_TASK TO CARRY OUT:_
Which lines hold the word "bullet"? Copy each of them from the material.

_DATA FOR REVIEW:_
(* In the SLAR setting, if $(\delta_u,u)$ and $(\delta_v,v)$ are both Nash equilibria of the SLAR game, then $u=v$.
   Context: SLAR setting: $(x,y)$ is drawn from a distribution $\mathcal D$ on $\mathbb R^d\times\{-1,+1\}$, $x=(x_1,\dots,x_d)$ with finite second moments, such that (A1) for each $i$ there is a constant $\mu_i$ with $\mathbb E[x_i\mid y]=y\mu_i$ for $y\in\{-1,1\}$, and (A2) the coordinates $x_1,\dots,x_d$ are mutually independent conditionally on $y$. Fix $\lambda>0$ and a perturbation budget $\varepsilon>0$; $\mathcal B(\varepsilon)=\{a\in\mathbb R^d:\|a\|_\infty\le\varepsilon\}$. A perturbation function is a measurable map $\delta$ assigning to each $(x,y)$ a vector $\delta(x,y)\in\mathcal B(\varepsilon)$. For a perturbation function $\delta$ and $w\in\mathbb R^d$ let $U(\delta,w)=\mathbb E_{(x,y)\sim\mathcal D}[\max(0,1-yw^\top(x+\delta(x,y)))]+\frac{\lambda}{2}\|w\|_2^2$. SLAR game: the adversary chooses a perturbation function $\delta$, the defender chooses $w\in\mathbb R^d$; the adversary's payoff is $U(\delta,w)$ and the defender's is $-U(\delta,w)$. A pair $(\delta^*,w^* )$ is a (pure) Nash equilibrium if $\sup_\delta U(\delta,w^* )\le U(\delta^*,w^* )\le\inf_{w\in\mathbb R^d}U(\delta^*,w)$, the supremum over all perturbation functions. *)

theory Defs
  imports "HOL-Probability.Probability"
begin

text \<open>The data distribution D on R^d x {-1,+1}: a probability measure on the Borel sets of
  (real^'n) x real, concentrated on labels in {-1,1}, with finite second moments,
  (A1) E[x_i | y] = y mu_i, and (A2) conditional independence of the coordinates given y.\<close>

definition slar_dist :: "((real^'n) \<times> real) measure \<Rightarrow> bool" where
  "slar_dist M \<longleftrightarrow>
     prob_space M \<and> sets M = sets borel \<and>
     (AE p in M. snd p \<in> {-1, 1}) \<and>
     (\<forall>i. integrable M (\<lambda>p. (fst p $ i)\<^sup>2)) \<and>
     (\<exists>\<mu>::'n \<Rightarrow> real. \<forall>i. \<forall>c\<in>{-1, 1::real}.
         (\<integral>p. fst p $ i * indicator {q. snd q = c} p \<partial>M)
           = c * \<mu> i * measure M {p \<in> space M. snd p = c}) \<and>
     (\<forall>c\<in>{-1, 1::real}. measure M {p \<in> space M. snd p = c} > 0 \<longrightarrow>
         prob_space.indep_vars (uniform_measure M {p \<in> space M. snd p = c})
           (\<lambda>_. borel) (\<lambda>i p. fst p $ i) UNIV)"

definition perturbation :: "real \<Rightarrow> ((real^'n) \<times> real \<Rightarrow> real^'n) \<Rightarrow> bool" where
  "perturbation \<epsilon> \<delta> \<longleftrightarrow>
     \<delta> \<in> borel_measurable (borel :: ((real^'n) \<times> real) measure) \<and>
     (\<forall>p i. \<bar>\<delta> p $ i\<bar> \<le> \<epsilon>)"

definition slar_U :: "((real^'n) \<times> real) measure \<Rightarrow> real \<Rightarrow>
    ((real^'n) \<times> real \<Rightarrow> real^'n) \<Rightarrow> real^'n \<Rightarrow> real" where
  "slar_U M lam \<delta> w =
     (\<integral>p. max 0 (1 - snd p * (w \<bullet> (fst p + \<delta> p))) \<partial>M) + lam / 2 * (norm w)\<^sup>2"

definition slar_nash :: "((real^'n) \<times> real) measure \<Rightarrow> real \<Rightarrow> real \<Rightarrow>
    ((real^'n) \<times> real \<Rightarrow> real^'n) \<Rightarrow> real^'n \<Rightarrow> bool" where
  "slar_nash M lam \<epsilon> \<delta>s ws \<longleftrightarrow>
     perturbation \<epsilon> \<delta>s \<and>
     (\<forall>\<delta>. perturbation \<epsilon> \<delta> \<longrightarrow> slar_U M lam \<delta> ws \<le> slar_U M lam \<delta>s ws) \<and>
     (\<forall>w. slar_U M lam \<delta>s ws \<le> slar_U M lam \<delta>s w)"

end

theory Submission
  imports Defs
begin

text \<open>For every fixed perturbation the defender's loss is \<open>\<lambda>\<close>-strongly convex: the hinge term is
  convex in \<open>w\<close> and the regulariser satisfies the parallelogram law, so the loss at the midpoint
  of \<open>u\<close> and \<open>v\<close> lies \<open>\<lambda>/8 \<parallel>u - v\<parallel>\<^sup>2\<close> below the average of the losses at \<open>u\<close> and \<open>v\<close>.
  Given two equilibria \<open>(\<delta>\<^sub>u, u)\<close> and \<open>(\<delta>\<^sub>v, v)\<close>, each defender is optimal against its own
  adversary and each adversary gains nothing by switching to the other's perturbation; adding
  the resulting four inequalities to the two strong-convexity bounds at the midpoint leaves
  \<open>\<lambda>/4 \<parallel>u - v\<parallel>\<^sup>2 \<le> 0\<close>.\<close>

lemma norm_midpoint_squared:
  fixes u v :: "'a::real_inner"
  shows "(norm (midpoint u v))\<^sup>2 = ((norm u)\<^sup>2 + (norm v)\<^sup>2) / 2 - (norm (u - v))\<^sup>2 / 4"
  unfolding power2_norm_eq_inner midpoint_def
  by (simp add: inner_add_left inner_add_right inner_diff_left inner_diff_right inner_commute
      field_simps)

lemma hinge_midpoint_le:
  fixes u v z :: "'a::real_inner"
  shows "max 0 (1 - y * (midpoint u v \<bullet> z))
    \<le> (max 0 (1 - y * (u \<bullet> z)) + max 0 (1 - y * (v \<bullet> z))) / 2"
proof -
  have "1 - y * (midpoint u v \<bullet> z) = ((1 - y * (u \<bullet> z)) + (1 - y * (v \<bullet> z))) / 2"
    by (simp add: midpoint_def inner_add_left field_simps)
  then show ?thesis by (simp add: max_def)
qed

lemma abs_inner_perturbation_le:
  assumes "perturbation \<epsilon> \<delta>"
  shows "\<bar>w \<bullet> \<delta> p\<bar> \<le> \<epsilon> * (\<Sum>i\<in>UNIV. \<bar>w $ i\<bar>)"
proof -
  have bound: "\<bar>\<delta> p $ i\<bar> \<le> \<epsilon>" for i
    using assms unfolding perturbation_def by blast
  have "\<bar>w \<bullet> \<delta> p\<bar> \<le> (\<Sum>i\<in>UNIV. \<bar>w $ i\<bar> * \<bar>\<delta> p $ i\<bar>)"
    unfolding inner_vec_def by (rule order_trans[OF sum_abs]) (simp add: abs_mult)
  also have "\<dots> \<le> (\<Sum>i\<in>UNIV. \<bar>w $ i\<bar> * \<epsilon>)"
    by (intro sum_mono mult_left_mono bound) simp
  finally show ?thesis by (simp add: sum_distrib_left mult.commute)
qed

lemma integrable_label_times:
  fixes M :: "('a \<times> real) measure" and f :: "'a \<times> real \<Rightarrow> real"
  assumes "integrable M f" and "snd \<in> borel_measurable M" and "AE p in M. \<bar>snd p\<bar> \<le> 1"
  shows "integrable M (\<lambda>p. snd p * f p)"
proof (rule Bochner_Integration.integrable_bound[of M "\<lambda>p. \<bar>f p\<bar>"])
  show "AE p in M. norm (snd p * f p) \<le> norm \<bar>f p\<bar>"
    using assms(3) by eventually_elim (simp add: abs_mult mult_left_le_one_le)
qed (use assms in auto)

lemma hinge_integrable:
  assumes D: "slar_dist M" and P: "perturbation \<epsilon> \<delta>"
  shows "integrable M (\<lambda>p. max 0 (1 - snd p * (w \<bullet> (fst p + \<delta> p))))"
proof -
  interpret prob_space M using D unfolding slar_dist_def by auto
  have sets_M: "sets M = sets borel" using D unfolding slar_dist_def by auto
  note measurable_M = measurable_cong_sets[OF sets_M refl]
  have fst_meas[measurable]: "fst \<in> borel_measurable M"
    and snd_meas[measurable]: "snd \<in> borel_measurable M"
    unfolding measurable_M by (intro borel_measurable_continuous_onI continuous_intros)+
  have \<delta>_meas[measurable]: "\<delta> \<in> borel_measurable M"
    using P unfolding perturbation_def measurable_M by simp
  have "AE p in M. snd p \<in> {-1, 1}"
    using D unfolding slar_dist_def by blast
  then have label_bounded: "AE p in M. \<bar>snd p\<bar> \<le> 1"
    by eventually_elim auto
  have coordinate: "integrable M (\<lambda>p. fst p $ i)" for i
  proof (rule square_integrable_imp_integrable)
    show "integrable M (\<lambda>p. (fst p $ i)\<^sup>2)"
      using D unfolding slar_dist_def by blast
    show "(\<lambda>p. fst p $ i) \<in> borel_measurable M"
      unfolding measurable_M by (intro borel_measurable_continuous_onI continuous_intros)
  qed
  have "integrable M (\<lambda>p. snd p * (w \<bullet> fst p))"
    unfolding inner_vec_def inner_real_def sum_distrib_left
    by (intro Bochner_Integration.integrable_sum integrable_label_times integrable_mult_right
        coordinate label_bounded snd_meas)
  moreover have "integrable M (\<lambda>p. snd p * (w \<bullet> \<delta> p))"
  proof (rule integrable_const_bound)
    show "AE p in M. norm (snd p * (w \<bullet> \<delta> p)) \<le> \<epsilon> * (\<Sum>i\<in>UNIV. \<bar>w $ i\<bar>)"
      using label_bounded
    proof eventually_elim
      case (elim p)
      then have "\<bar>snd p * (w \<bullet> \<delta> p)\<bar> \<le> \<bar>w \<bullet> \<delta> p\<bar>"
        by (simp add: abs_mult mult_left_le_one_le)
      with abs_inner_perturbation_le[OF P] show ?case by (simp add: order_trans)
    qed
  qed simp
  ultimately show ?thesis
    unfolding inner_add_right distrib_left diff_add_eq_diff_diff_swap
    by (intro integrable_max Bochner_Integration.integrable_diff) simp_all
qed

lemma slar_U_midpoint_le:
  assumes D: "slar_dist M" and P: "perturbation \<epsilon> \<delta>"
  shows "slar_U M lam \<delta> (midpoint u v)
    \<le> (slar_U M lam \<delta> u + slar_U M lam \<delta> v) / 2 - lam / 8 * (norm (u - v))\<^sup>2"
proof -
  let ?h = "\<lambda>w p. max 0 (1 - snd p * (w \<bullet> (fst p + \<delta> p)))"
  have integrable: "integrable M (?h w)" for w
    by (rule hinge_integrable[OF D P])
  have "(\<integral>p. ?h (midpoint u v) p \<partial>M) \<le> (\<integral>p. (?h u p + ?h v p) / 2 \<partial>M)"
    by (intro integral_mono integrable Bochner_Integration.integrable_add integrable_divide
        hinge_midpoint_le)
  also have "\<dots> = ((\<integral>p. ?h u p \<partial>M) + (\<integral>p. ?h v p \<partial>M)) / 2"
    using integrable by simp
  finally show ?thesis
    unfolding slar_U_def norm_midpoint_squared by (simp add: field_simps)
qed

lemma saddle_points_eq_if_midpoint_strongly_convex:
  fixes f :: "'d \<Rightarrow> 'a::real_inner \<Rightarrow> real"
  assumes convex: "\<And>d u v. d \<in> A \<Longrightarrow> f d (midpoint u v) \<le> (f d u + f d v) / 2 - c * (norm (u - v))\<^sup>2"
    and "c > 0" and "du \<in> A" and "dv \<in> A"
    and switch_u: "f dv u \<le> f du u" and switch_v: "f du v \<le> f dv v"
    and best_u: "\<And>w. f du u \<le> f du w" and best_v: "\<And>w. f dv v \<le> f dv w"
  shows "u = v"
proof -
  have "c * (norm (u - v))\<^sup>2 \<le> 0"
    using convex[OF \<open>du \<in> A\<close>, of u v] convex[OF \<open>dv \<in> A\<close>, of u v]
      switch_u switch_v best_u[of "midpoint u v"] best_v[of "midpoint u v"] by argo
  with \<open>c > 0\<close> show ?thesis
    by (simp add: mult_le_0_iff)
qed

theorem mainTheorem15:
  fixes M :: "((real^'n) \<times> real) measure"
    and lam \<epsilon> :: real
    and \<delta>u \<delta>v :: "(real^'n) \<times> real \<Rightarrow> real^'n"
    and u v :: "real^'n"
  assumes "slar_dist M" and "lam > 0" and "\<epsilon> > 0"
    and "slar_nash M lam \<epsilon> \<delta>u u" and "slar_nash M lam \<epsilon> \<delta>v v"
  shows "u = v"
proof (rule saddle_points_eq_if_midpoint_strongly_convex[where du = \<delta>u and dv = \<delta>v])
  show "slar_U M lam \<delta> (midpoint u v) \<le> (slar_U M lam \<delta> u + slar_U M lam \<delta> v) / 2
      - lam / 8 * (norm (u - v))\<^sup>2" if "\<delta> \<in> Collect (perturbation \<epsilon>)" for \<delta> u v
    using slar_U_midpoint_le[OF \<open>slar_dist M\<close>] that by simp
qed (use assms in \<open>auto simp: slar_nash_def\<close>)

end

_SOLVED PROBLEM:_
     (\<integral>p. max 0 (1 - snd p * (w \<bullet> (fst p + \<delta> p))) \<partial>M) + lam / 2 * (norm w)\<^sup>2"
  shows "max 0 (1 - y * (midpoint u v \<bullet> z))
    \<le> (max 0 (1 - y * (u \<bullet> z)) + max 0 (1 - y * (v \<bullet> z))) / 2"
  have "1 - y * (midpoint u v \<bullet> z) = ((1 - y * (u \<bullet> z)) + (1 - y * (v \<bullet> z))) / 2"
  shows "\<bar>w \<bullet> \<delta> p\<bar> \<le> \<epsilon> * (\<Sum>i\<in>UNIV. \<bar>w $ i\<bar>)"
  have "\<bar>w \<bullet> \<delta> p\<bar> \<le> (\<Sum>i\<in>UNIV. \<bar>w $ i\<bar> * \<bar>\<delta> p $ i\<bar>)"
  shows "integrable M (\<lambda>p. max 0 (1 - snd p * (w \<bullet> (fst p + \<delta> p))))"
  have "integrable M (\<lambda>p. snd p * (w \<bullet> fst p))"
  moreover have "integrable M (\<lambda>p. snd p * (w \<bullet> \<delta> p))"
    show "AE p in M. norm (snd p * (w \<bullet> \<delta> p)) \<le> \<epsilon> * (\<Sum>i\<in>UNIV. \<bar>w $ i\<bar>)"
      then have "\<bar>snd p * (w \<bullet> \<delta> p)\<bar> \<le> \<bar>w \<bullet> \<delta> p\<bar>"
  let ?h = "\<lambda>w p. max 0 (1 - snd p * (w \<bullet> (fst p + \<delta> p)))"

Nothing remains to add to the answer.